SpoomplesMaxx is a generalist model with primary strengths in creative writing and roleplay, plus light competence at instruction following and reasoning.

The Mini brings the v2.1 data and training recipe to a 14B you can run on a single 24GB card. Smaller bird, same energy.

What's new in v2.1 Mini

The Mini keeps the v2.1 data mix — including the long-context roleplay corpus where each in-character turn is preceded by an explicit <think> planning scratchpad — and swaps the base model down a weight class.
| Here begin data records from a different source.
(* Let $v$ satisfy the standing assumptions and the doubling condition with constant $D$, and $g(x)=v(1-x^{-1})$. For an integer $n\ge1$ let $c_n=\int_{1/2}^1\frac{r^n\,dv(r)}{v(r)^2}$ (Riemann–Stieltjes integral). Then there exist constants $C$ and $n_0$, depending only on $D$, such that $c_n\le \dfrac{C}{g(n)}$ for all $n\ge n_0$.
   Context: Standing assumptions: $v:[0,1)\to[1,\infty)$ is positive, increasing, continuous, $v(0)=1$, $\lim_{r\to1}v(r)=+\infty$. Doubling condition: $v(1-d)\le D\,v(1-2d)$ for all $d\in(0,1/2]$, with $D\ge1$. *)

theory Defs
  imports "HOL-Analysis.Analysis"
begin

text \<open>Stieltjes integral of f with respect to an increasing continuous integrator F
  over a compact interval [a,b], realised as the Lebesgue--Stieltjes integral with respect
  to the measure dF (F clamped to [a,b] so that it is monotone on all of the reals).
  For continuous f and continuous increasing F this agrees with the Riemann--Stieltjes integral.\<close>
definition stieltjes_int :: "(real \<Rightarrow> real) \<Rightarrow> (real \<Rightarrow> real) \<Rightarrow> real \<Rightarrow> real \<Rightarrow> real" where
  "stieltjes_int f F a b =
     (LINT x:{a..b}|interval_measure (\<lambda>x. F (max a (min x b))). f x)"

definition stieltjes_int_to1 :: "(real \<Rightarrow> real) \<Rightarrow> (real \<Rightarrow> real) \<Rightarrow> real \<Rightarrow> real" where
  "stieltjes_int_to1 f F a = Lim (at_left 1) (\<lambda>R. stieltjes_int f F a R)"

end

theory Submission
  imports Defs
begin

(* Cut [1/2,1) at the dyadic points p_j = 1 - 2^-(j+1) and choose the scale m of n,
   i.e. 2^(m+1) \<le> n < 2^(m+2).  On the cell (p_j, p_(j+1)] the integrand is at most
   p_(j+1)^n / v(p_j)^2, and the doubling condition gives v(p_(j+1)) \<le> D v(p_j), so each
   cell contributes at most D p_(j+1)^n (1/v(p_j) - 1/v(p_(j+1))).  Cells beyond m
   telescope to at most D/v(p_m); for cells below m the weight p_(j+1)^n \<le> exp(-2^(m-j-1))
   decays doubly exponentially and beats the factor D^(m-j) lost in comparing v(p_j) with
   v(p_m).  Finally v(1 - 1/n) \<le> v(p_(m+1)) \<le> D v(p_m). *)

definition stieltjes_measure :: "(real \<Rightarrow> real) \<Rightarrow> real \<Rightarrow> real \<Rightarrow> real measure" where
  "stieltjes_measure F a b = interval_measure (\<lambda>x. F (max a (min x b)))"

lemma sets_stieltjes_measure [simp, measurable_cong]: "sets (stieltjes_measure F a b) = sets borel"
  and space_stieltjes_measure [simp]: "space (stieltjes_measure F a b) = UNIV"
  by (simp_all add: stieltjes_measure_def)

lemma stieltjes_int_altdef:
  "stieltjes_int f F a b = (LINT x:{a..b}|stieltjes_measure F a b. f x)"
  by (simp add: stieltjes_int_def stieltjes_measure_def)

lemma stieltjes_int_empty: "b < a \<Longrightarrow> stieltjes_int f F a b = 0"
  by (simp add: stieltjes_int_def set_lebesgue_integral_def)

lemma clamped_integrator_mono:
  fixes F :: "real \<Rightarrow> real"
  assumes "a \<le> b" "mono_on {a..b} F" "x \<le> y"
  shows "F (max a (min x b)) \<le> F (max a (min y b))"
  by (rule mono_onD[OF assms(2)]) (use assms in auto)

lemma clamped_integrator_continuous:
  fixes F :: "real \<Rightarrow> real"
  assumes "a \<le> b" "continuous_on {a..b} F"
  shows "continuous_on UNIV (\<lambda>x. F (max a (min x b)))"
proof -
  have "continuous_on UNIV (\<lambda>x::real. max a (min x b))" by (intro continuous_intros)
  moreover have "range (\<lambda>x. max a (min x b)) \<subseteq> {a..b}" using assms(1) by auto
  ultimately show ?thesis by (rule continuous_on_compose2[OF assms(2)])
qed

definition stieltjes_nn :: "(real \<Rightarrow> real) \<Rightarrow> (real \<Rightarrow> real) \<Rightarrow> real \<Rightarrow> real \<Rightarrow> ennreal" where
  "stieltjes_nn f F a b = (\<integral>\<^sup>+x\<in>{a..b}. ennreal (f x) \<partial>stieltjes_measure F a b)"

lemma continuous_on_Icc_nn_measurable:
  fixes f :: "real \<Rightarrow> real"
  assumes "continuous_on {a..b} f"
  shows "(\<lambda>x. ennreal (f x) * indicator {a..b} x) \<in> borel_measurable borel"
proof -
  have [measurable]: "(\<lambda>x. indicator {a..b} x *\<^sub>R f x) \<in> borel_measurable borel"
    by (rule borel_measurable_continuous_on_indicator) (simp_all add: assms)
  have "(\<lambda>x. ennreal (f x) * indicator {a..b} x) = (\<lambda>x. ennreal (indicator {a..b} x *\<^sub>R f x))"
    by (auto split: split_indicator)
  also have "\<dots> \<in> borel_measurable borel" by measurable
  finally show ?thesis .
qed

lemma find_interval:
  fixes p :: "nat \<Rightarrow> 'a::linorder"
  shows "p 0 < x \<Longrightarrow> x \<le> p J \<Longrightarrow> \<exists>j<J. p j < x \<and> x \<le> p (Suc j)"
proof (induction J)
  case (Suc J)
  then show ?case by (cases "x \<le> p J") (auto intro: less_SucI)
qed simp

locale stieltjes_integrator =
  fixes F :: "real \<Rightarrow> real" and a b :: real
  assumes le: "a \<le> b" and mono: "mono_on {a..b} F" and cont: "continuous_on {a..b} F"
begin

lemma emeasure_Ioc:
  "emeasure (stieltjes_measure F a b) {x<..y} =
     (if x \<le> y then F (max a (min y b)) - F (max a (min x b)) else 0)"
  unfolding stieltjes_measure_def
  using clamped_integrator_continuous[OF le cont]
  by (intro emeasure_interval_measure_Ioc_eq clamped_integrator_mono[OF le mono])
     (auto simp: continuous_on_eq_continuous_within intro: continuous_within_subset)

lemma emeasure_Icc: "x \<le> y \<Longrightarrow>
    emeasure (stieltjes_measure F a b) {x..y} = F (max a (min y b)) - F (max a (min x b))"
  unfolding stieltjes_measure_def
  by (intro emeasure_interval_measure_Icc clamped_integrator_mono[OF le mono]
      clamped_integrator_continuous[OF le cont])

lemma emeasure_singleton: "emeasure (stieltjes_measure F a b) {x} = 0"
  using emeasure_Icc[of x x] by simp

lemma restrict: "a \<le> c \<Longrightarrow> c \<le> b \<Longrightarrow> stieltjes_integrator F a c"
  by unfold_locales (auto intro: mono_on_subset[OF mono] continuous_on_subset[OF cont])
Qwen3-14B-Base was chosen after a long hunt: it is essentially the only current dense (no MoE, no Mamba), non-VLM model in the 12–14B class with a true pretrained base available and enough pretraining tokens (~36T) to skip continued pretraining entirely.

CHANGED SINCE v2.1 (30B)

Base model: Granite 4.1 30B -> Qwen3-14B-Base. Template is now standard ChatML with native <think>/</think> reasoning.
Control-token heal: a dedicated post-SFT training stage to revive Qwen3-Base's dead special tokens (see notice below).
Content-conditional thinking election (emergent -- see "Thinking behavior").

UNCHANGED

Same SFT corpus (aimeri/spoomplesmaxx-sft-full-v2), same story scratchpad format, same personas.
Still no tool-calling data -- reserved for a dedicated future run.
Still focused on creative writing, roleplay, and companion use.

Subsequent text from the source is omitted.